In an industry so saturated with talent and young blood, how can we stand out? “There are two facets: the first is on a personal level. Be harder working than anyone else, be prepared to work your ass off, don’t make excuses, be honest if you don’t know something, be humble, don’t backstab, be known for being trustworthy, be known for being hardworking. The second facet, which is not lesser, is know what your sound is: it will emerge, you can’t pick it. You have to let it evolve. Find out what it is, define your sound. Once you find out what sound you have – such a hard thing for any artist to do – ensure you can definitively do it, but also communicate that that’s what your thing is.

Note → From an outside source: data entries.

lemma solution_has_integral:
  assumes "(m, k) \<in> classes" "0 \<le> s" "s \<le> t" "t \<le> T"
  shows "(rhs u v i m k has_integral (i k t - i k s)) {s..t}"
proof -
  note from0 = solution_has_integral_from_0[OF assms(1)]
  have "rhs u v i m k integrable_on {0..T}"
    using from0[of T] T by (simp add: has_integral_integrable)
  then have "rhs u v i m k integrable_on {s..t}"
    by (rule integrable_subinterval_real) (use assms in simp)
  then obtain J where J: "(rhs u v i m k has_integral J) {s..t}"
    by blast
  have "(rhs u v i m k has_integral (i k s - i0 + J)) {0..t}"
    by (rule has_integral_combine[OF _ _ from0[of s] J]) (use assms in simp_all)
  moreover have "(rhs u v i m k has_integral (i k t - i0)) {0..t}"
    using from0[of t] assms by simp
  ultimately have "i k s - i0 + J = i k t - i0"
    by (rule has_integral_unique)
  then have "J = i k t - i k s" by simp
  with J show ?thesis by simp
qed

lemma solution_initial:
  assumes "(m, k) \<in> classes"
  shows "i k 0 = i0"
proof -
  have "(rhs u v i m k has_integral (i k 0 - i0)) {0..0}"
    using solution_has_integral_from_0[OF assms, of 0] T by simp
  then have "i k 0 - i0 = 0"
    by (rule has_integral_unique[OF _ has_integral_null_real]) simp
  then show ?thesis by simp
qed

lemma solution_continuous:
  assumes "(m, k) \<in> classes"
  shows "continuous_on {0..T} (i k)"
proof -
  have "rhs u v i m k integrable_on {0..T}"
    by (rule has_integral_integrable[OF solution_has_integral[OF assms]]) (use T in auto)
  then have "continuous_on {0..T} (\<lambda>t. i0 + integral {0..t} (rhs u v i m k))"
    by (intro continuous_on_add continuous_on_const indefinite_integral_continuous_1)
  moreover have "i0 + integral {0..t} (rhs u v i m k) = i k t" if "t \<in> {0..T}" for t
    using solution_has_integral[OF assms, of 0 t] solution_initial[OF assms] that
    by (simp add: integral_unique)
  ultimately show ?thesis
    by (rule continuous_on_eq)
qed

lemma solution_bounded:
  obtains Bi where "\<And>m k s. (m, k) \<in> classes \<Longrightarrow> s \<in> {0..T} \<Longrightarrow> \<bar>i k s\<bar> \<le> Bi"
proof -
  have "bounded (i k ` {0..T})" if "(m, k) \<in> classes" for m k
    using compact_continuous_image[OF solution_continuous[OF that] compact_Icc]
    by (rule compact_imp_bounded)
  then have "bounded (\<Union>(m, k)\<in>classes. i k ` {0..T})"
    using finite_classes by (auto intro: bounded_UN)
  then obtain Bi where Bi: "\<forall>x\<in>(\<Union>(m, k)\<in>classes. i k ` {0..T}). \<bar>x\<bar> \<le> Bi"
    unfolding bounded_real by blast
  show ?thesis
  proof (rule that)
    fix m k s assume "(m, k) \<in> classes" "s \<in> {0..T}"
    then have "i k s \<in> (\<Union>(m, k)\<in>classes. i k ` {0..T})" by blast
    with Bi show "\<bar>i k s\<bar> \<le> Bi" by blast
  qed
qed

end

lemma force_abs_le:
  assumes v: "ctrl_bounds vmax v" and s: "s \<in> {0..T}"
    and bound: "\<And>m k. (m, k) \<in> classes \<Longrightarrow> \<bar>i k s\<bar> \<le> Bi"
  shows "\<bar>force v i s\<bar> \<le> Bi * qsum"
proof -
  have "\<bar>force v i s\<bar> \<le> (\<Sum>j\<in>classes. \<bar>(\<lambda>(m, k). q k * i k s * (\<alpha> * (1 + v m s))) j\<bar>)"
    unfolding force_eq_sum_classes by (rule sum_abs)
  also have "\<dots> \<le> (\<Sum>j\<in>classes. Bi * (\<lambda>(m, k). q k) j)"
  proof (rule sum_mono)
    fix j assume "j \<in> classes"
    then obtain m k where j: "j = (m, k)" and mk: "(m, k) \<in> classes" by (cases j) auto
    define w where "w = \<alpha> * (1 + v m s)"
    have w: "0 \<le> w" "w \<le> 1"
      using weight_bounds[OF v classesD(1)[OF mk] s] by (auto simp: w_def)
    have "\<bar>q k * i k s * w\<bar> = q k * (\<bar>i k s\<bar> * w)"
      using q_nonneg[OF classesD(3)[OF mk]] w by (simp add: abs_mult)
    also have "\<dots> \<le> q k * Bi"
      using q_nonneg[OF classesD(3)[OF mk]] w bound[OF mk]
      by (intro mult_left_mono order_trans[OF mult_right_le_one_le]) auto
    finally show "\<bar>(\<lambda>(m, k). q k * i k s * (\<alpha> * (1 + v m s))) j\<bar> \<le> Bi * (\<lambda>(m, k). q k) j"
      by (simp add: j w_def mult.commute)
  qed
  also have "\<dots> = Bi * qsum"
    by (simp add: qsum_def sum_distrib_left)
  finally show ?thesis .
qed

lemma force_lower_bound:
  assumes v: "ctrl_bounds vmax v" and s: "s \<in> {0..T}"
  shows "force v i s \<ge> - qsum * (\<Sum>(m, k)\<in>classes. max 0 (- i k s))"
proof -
  have "(\<Sum>j\<in>classes. - qsum * (\<lambda>(m, k). max 0 (- i k s)) j) \<le> force v i s"
    unfolding force_eq_sum_classes
  proof (rule sum_mono)
    fix j assume "j \<in> classes"
    then obtain m k where j: "j = (m, k)" and mk: "(m, k) \<in> classes" by (cases j) auto
    have q: "0 \<le> q k" "q k \<le> qsum"
      using q_nonneg[OF classesD(3)[OF mk]] q_le_qsum[OF mk] by auto
    define w where "w = \<alpha> * (1 + v m s)"
    have w: "0 \<le> w" "w \<le> 1"
      using weight_bounds[OF v classesD(1)[OF mk] s] by (auto simp: w_def)
    have "- qsum * max 0 (- i k s) \<le> q k * i k s * w"
    proof (cases "i k s \<ge> 0")
      case True
      then show ?thesis using q w qsum_nonneg by simp
    next
      case False
      then have "- qsum * max 0 (- i k s) \<le> q k * i k s"
        using q by (simp add: mult_right_mono_neg)
      also have "\<dots> \<le> q k * i k s * w"
      proof -
        have "0 \<le> (q k * i k s) * (w - 1)"
          using q w False by (intro mult_nonpos_nonpos) (auto simp: mult_nonneg_nonpos)
        then show ?thesis by (simp add: algebra_simps)
      qed
      finally show ?thesis .
    qed
    then show "- qsum * (\<lambda>(m, k). max 0 (- i k s)) j \<le> (\<lambda>(m, k). q k * i k s * (\<alpha> * (1 + v m s))) j"
      by (simp add: j w_def)
  qed
  then show ?thesis
    by (simp add: sum_distrib_left)
qed

lemma lipschitz_const_nonneg: "lipschitz_const \<ge> 0"
  unfolding lipschitz_const_def using beta_max_nonneg qsum_nonneg umax by simp

context
  fixes u v
  assumes u: "ctrl_bounds umax u" and v: "ctrl_bounds vmax v"
begin

lemma rate_abs_le:
  assumes mk: "(m, k) \<in> classes" and s: "s \<in> {0..T}"
    and bound: "\<And>m' k'. (m', k') \<in> classes \<Longrightarrow> \<bar>i k' s\<bar> \<le> Bi"
  shows "\<bar>rate u v i m k s\<bar> \<le> \<beta>max * real Kmax * (Bi * qsum) + umax"
proof -
  have "0 \<le> \<beta> s" and bk: "\<beta> s * real k \<le> \<beta>max * real Kmax"
    using \<beta> s classesD(3)[OF mk] beta_max_nonneg by (auto intro: mult_mono)
  have "\<beta> s * real k * \<bar>force v i s\<bar> \<le> \<beta>max * real Kmax * (Bi * qsum)"
    using mult_mono[OF bk force_abs_le[where i = i and Bi = Bi, OF v s bound]] beta_max_nonneg
    by simp
  then have "\<bar>\<beta> s * real k * force v i s\<bar> \<le> \<beta>max * real Kmax * (Bi * qsum)"
    using \<open>0 \<le> \<beta> s\<close> by (simp add: abs_mult)
  moreover have "\<bar>u m s\<bar> \<le> umax"
    using u classesD(1)[OF mk] s unfolding ctrl_bounds_def by auto
  ultimately show ?thesis
    unfolding rate_def by linarith
qed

If people can’t understand what you do or what you’re about, then they can’t connect with it. They can’t come to you if they don’t know what it is. I guess it’s like any marketing. If you have a shop and I don’t know what you sell, every time I walk past your shop I’m going to be really confused, like “I feel like they’re doing a thing in there, but I don’t know what it is. Great!””
Finally, what can we expect to see from Kallie in the future? “I’m yet to score a full length feature. I want to write music for a video game, so I intend to keep knocking on people’s doors. But I definitely want to keep producing bands, I love it so much. There are so many artists I love to work with, if anyone wants to work they just have to say hi.”